Just finished shoveling bushels of paper out of my file drawers, reorganizing the file system, and incinerating bank statements, credit card statements, health insurance claim statements, investment records, correspondence, and related junk that dates back to the early 1990s.
Before I started, a four-drawer file cabinet in the garage was chuckablock full of old records, and the five file drawers in my office stuffed to capacity.
Now, after a good six hours of feeding paper into the fireplace, after the liberation of 73 manila file folders and 33 hanging files (not counting the ones I reused on the fly), the garage file cabinet is again chuckablock full, mostly with different records. The firebox is filled with ashes. But at least there’s now a little open filing space in the office.
They say you should keep tax-related documents for seven years and tax returns forever. Highly problematic:
a) If you have a side income from self-employment, where the heck are you supposed to find room in your house to store years’ worth of related paper?
b) Once you’ve stuffed seven years worth of trash in a file cabinet, you tend to forget it. Hence, paper dating back to the Pleistocene, fossilizing in the garage.
Some of this stuff should’ve been donated to a local historic archive, not reduced to ashes in the fireplace.
But some of it… ???
You know, some things could come back to bite, even after the magical seven years have passed.
For example, late in the 20th century, a man whose last name (allegedly) was the same as mine somehow convinced my bank and a bunch of his creditors that I was responsible for his debts. I’d never heard of the guy.
It was difficult to get out from under that.
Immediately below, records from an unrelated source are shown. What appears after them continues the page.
theorem lemma3:
  shows "\<exists>w a :: real. w > 0 \<and> a > 0 \<and>
           gauss_measure (cball (0 :: real^2) w) = gauss_measure {-a<..<a} \<and>
           gauss_boundary (cball (0 :: real^2) w) > gauss_boundary {-a<..<a}"
proof -
  obtain a where a: "1 \<le> a" "a \<le> 49 / 5" "2 * gauss_tail a = exp (- 10\<^sup>2 / 2)"
    using obtain_two_gauss_tail_eq_exp_neg_50 by auto
  have dim: "DIM(real^2) = 2"
    by simp
  have same_measure: "gauss_measure (cball (0 :: real^2) 10) = gauss_measure {-a<..<a}"
    using a gauss_measure_cball_plane[OF dim, of 10] gauss_measure_symmetric_interval[of a] by simp
  have "0 \<le> (a - 1) * (49 / 5 - a)"
    using a by simp
  also have "\<dots> = 54 / 5 * a - a\<^sup>2 - 49 / 5"
    by (simp add: field_simps power2_eq_square)
  finally have "a\<^sup>2 + 1 < 10 * a"
    using a by linarith
  then have "2 * std_normal_density a < 10 * exp (- 10\<^sup>2 / 2)"
    using a by (intro two_std_normal_density_less)
  then have "gauss_boundary {-a<..<a} < ereal (10 * exp (- 10\<^sup>2 / 2))"
    using gauss_boundary_symmetric_interval_le[of a] a(1) by (simp add: order_le_less_trans)
  also have "\<dots> \<le> gauss_boundary (cball (0 :: real^2) 10)"
    using dim by (rule gauss_boundary_cball_plane_ge) simp
  finally show ?thesis
    using same_measure a(1) by (intro exI[of _ 10] exI[of _ a]) auto
qed

end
You can easily prove that you did something, but you’ll play hob trying to show that you did not do something. The ensuing battle dragged on for week after week after week.
Should I throw out all the correspondence, all the paper trail, all the records of how I went about arguing that I was not a deadbeat? Or at least not that deadbeat?
Then there was the time I made a job offer, with the dean’s written permission, to the Southwest’s pre-eminent graphic designer of publications. She, desiring to do the kind of work our office did, turned down a far better-paying job that would have had her doing advertisements and brochures. Then, after she had passed up the other, far superior opportunity, the College reneged! On a written job offer that she had accepted! In writing!
Well, she hasn’t sued yet, though she certainly should have. But I still have all the documentation. What’s the statute of limitations on civil suits, anyway?
Then there was the endless, incrementally bitter slow-motion war with My Bartleby. My ass is covered there by a 200-page daily journal, written at the behest of the College’s HR representative. This monster fills two hanging file folders and a CD-ROM. Should I keep all that drivel?
She hasn’t tried to make any trouble yet and probably won’t. On the other hand, Bartleby is even crazier than I am. And I’m capable of anything.
In the crazy old lady department, I undoubtedly go way overboard with this business of saving documents. It’s a habit acquired from ex-DH, who, as a lawyer, advised me that we should save every scrap of paper that had anything to do with anything. He wasn’t kidding. At the time I left, he had a collection of canceled checks that dated back to before the start of our 25-year-long marriage. I figured he must know something, he being a fancy lawyer, and so I went forth and did likewise.
And I do have to allow, it was mighty gratifying to be able to produce my original pay stub that time ASU tried to claim I had been working there only fifteen years when actually I’d been there sixteen.
Still…how many times does something like that happen?
I suppose it only has to happen once.
Ah, well. It’s back to work. A stack of incoming paper sits on my desk, waiting to be handled, acted upon, and filed.
Am I alone with this conundrum? How much paper do you keep, and for how long?